Jitterbit engineering

The Jitterbit Engineering team is responsible for designing, developing, implementing, and testing the software services provided by Harmony. The Engineering team works closely with the Operations team to identify security concerns, develop monitoring procedures, and implement protective technology. The security responsibilities of the Engineering team include:

  • Defining and implementing secure design and coding practices.
  • Conducting design reviews to identify possible security concerns prior to coding.
  • Conducting code reviews to identify code that could be exploited to grant unauthorized access to customer data.
  • Conducting code reviews to identify code that could negatively impact availability.
  • Performing load tests in pre-production environments to verify that availability requirements have been met.

Jitterbit QA

The Jitterbit QA team is responsible for carrying out new and existing regression tests on all software released by Engineering to ensure no security or functional issues are introduced with changes in the software. The Jitterbit QA team performs its function in a separate environment that closely resembles production configurations. The Jitterbit QA team must approve any software release before the Jitterbit Operations team can deploy that software to the Harmony production environment.

Harmony trust site

Harmony availability and security statuses are monitored 24 hours a day, seven days a week by the Jitterbit Operations Team. The data pertaining to such monitoring is published on the Jitterbit Trust site giving users and the public transparent visibility into our operations.

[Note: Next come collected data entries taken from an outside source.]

section \<open>The range of a probability measure is closed\<close>

lemma compact_range_subseries:
  fixes m :: "nat \<Rightarrow> real"
  assumes "summable (\<lambda>k. \<bar>m k\<bar>)"
  shows "compact (range (\<lambda>S. \<Sum>k. indicator S k * m k))"
proof -
  let ?C = "UNIV \<rightarrow>\<^sub>E {0, 1::real}"
  let ?sum = "\<lambda>f :: nat \<Rightarrow> real. \<Sum>k. f k * m k"
  have "compactin (product_topology (\<lambda>_. euclidean) UNIV) ?C"
    by (simp add: compactin_PiE)
  then have C: "compact ?C"
    by (simp add: euclidean_product_topology)
  have "uniform_limit ?C (\<lambda>n f. \<Sum>k<n. f k * m k) ?sum sequentially"
  proof (rule Weierstrass_m_test[OF _ assms])
    fix n and f :: "nat \<Rightarrow> real" assume "f \<in> ?C"
    then show "norm (f n * m n) \<le> \<bar>m n\<bar>" by (cases "f n = 0") (auto simp: PiE_iff)
  qed
  then have "continuous_on ?C ?sum"
    by (rule uniform_limit_theorem[rotated]) (auto intro!: continuous_intros always_eventually continuous_on_subset[OF continuous_on_product_coordinates])
  moreover have "range (\<lambda>S. \<Sum>k. indicator S k * m k) = ?sum ` ?C"
  proof (intro equalityI subsetI)
    fix x assume "x \<in> range (\<lambda>S. \<Sum>k. indicator S k * m k)"
    then obtain S where "x = ?sum (indicator S)" by blast
    moreover have "indicator S \<in> ?C" by (auto simp: indicator_def)
    ultimately show "x \<in> ?sum ` ?C" by blast
  next
    fix x assume "x \<in> ?sum ` ?C"
    then obtain f where f: "f \<in> ?C" "x = ?sum f" by blast
    then have "f = indicator {k. f k = 1}" by (force simp: PiE_iff indicator_def)
    then have "x = (\<Sum>k. indicator {k. f k = 1} k * m k)" using f(2) by simp
    then show "x \<in> range (\<lambda>S. \<Sum>k. indicator S k * m k)" by blast
  qed
  ultimately show ?thesis using compact_continuous_image[OF _ C] by simp
qed

lemma half_maximal_exists:
  fixes f :: "'b \<Rightarrow> real"
  assumes "x0 \<in> S" "bdd_above (f ` S)" "\<And>x. x \<in> S \<Longrightarrow> 0 \<le> f x"
  shows "\<exists>x\<in>S. \<forall>y\<in>S. f y \<le> 2 * f x"
proof -
  have le_Sup: "f y \<le> Sup (f ` S)" if "y \<in> S" for y
    using that assms(2) by (intro cSup_upper) auto
  show ?thesis
  proof (cases "Sup (f ` S) > 0")
    case True
    then have "Sup (f ` S) / 2 < Sup (f ` S)" by simp
    then obtain x where "x \<in> S" "Sup (f ` S) / 2 < f x"
      using less_cSup_iff[of "f ` S"] assms(1,2) by blast
    then show ?thesis using le_Sup by force
  next
    case False
    then show ?thesis using le_Sup assms by force
  qed
qed

definition is_atom :: "'a measure \<Rightarrow> 'a set \<Rightarrow> bool" where
  "is_atom M A \<longleftrightarrow> A \<in> sets M \<and> measure M A > 0 \<and>
     (\<forall>B\<in>sets M. B \<subseteq> A \<longrightarrow> measure M B = 0 \<or> measure M B = measure M A)"

context prob_space
begin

Identity and access management

Access control and least privilege

Identity and access management policy requires that all Jitterbit personnel that have access to Harmony production environments be provisioned with unique and trackable identities in the form of a user ID. Identity and access management policy enforces the principle of least privilege, which restricts personnel to the minimum level of access required to complete their assigned tasks.

Periodic access review

Virtual instances, firewalls, database servers, and other infrastructure software and hardware are protected by user identities that have been granted a limited set of permissions. Permission grants are regularly reviewed by the Operations team and revoked when an employee leaves the company. The Operations team enforces a password policy throughout Harmony production environments that require strong passwords, regular password expiration, and restrictions on password reuse.

Incident management

The goal of the Jitterbit incident management policy is not only to quickly and effectively close incidents, but also to collect and distribute incident information so that processes are continuously improved and future responses are driven by accumulated knowledge.

Incident management includes initial diagnosis, classification, prioritization, escalation, and closure. All incidents that do not affect users of Harmony are recorded in the engineering issue tracking system. Any issues that affect users are recorded in the Customer Support system so that any effects on SLAs are tracked.

Patch management and high availability

Jitterbit is continually strengthening its products as new threats to security emerge. In addition, the software infrastructure we use is also being strengthened.

In order to keep software current, the Operations team works with the Engineering and QA team following a detailed patch management policy that covers the discovery, testing, and deployment of security patches. The AWS and Harmony's virtual infrastructure strategy allows Harmony to remain available, even during upgrades.

The Operations team actively monitors vendor security advisories and subscribes to new patch release notifications.

Capacity management

Harmony currently supports thousands of active users who perform various integration processes. The Harmony platform has been developed to scale dynamically. The core services that expose APIs to our tools and users run on Apache Tomcat. Our systems track current usage rate and automatically provision and stop EC2 instances as required.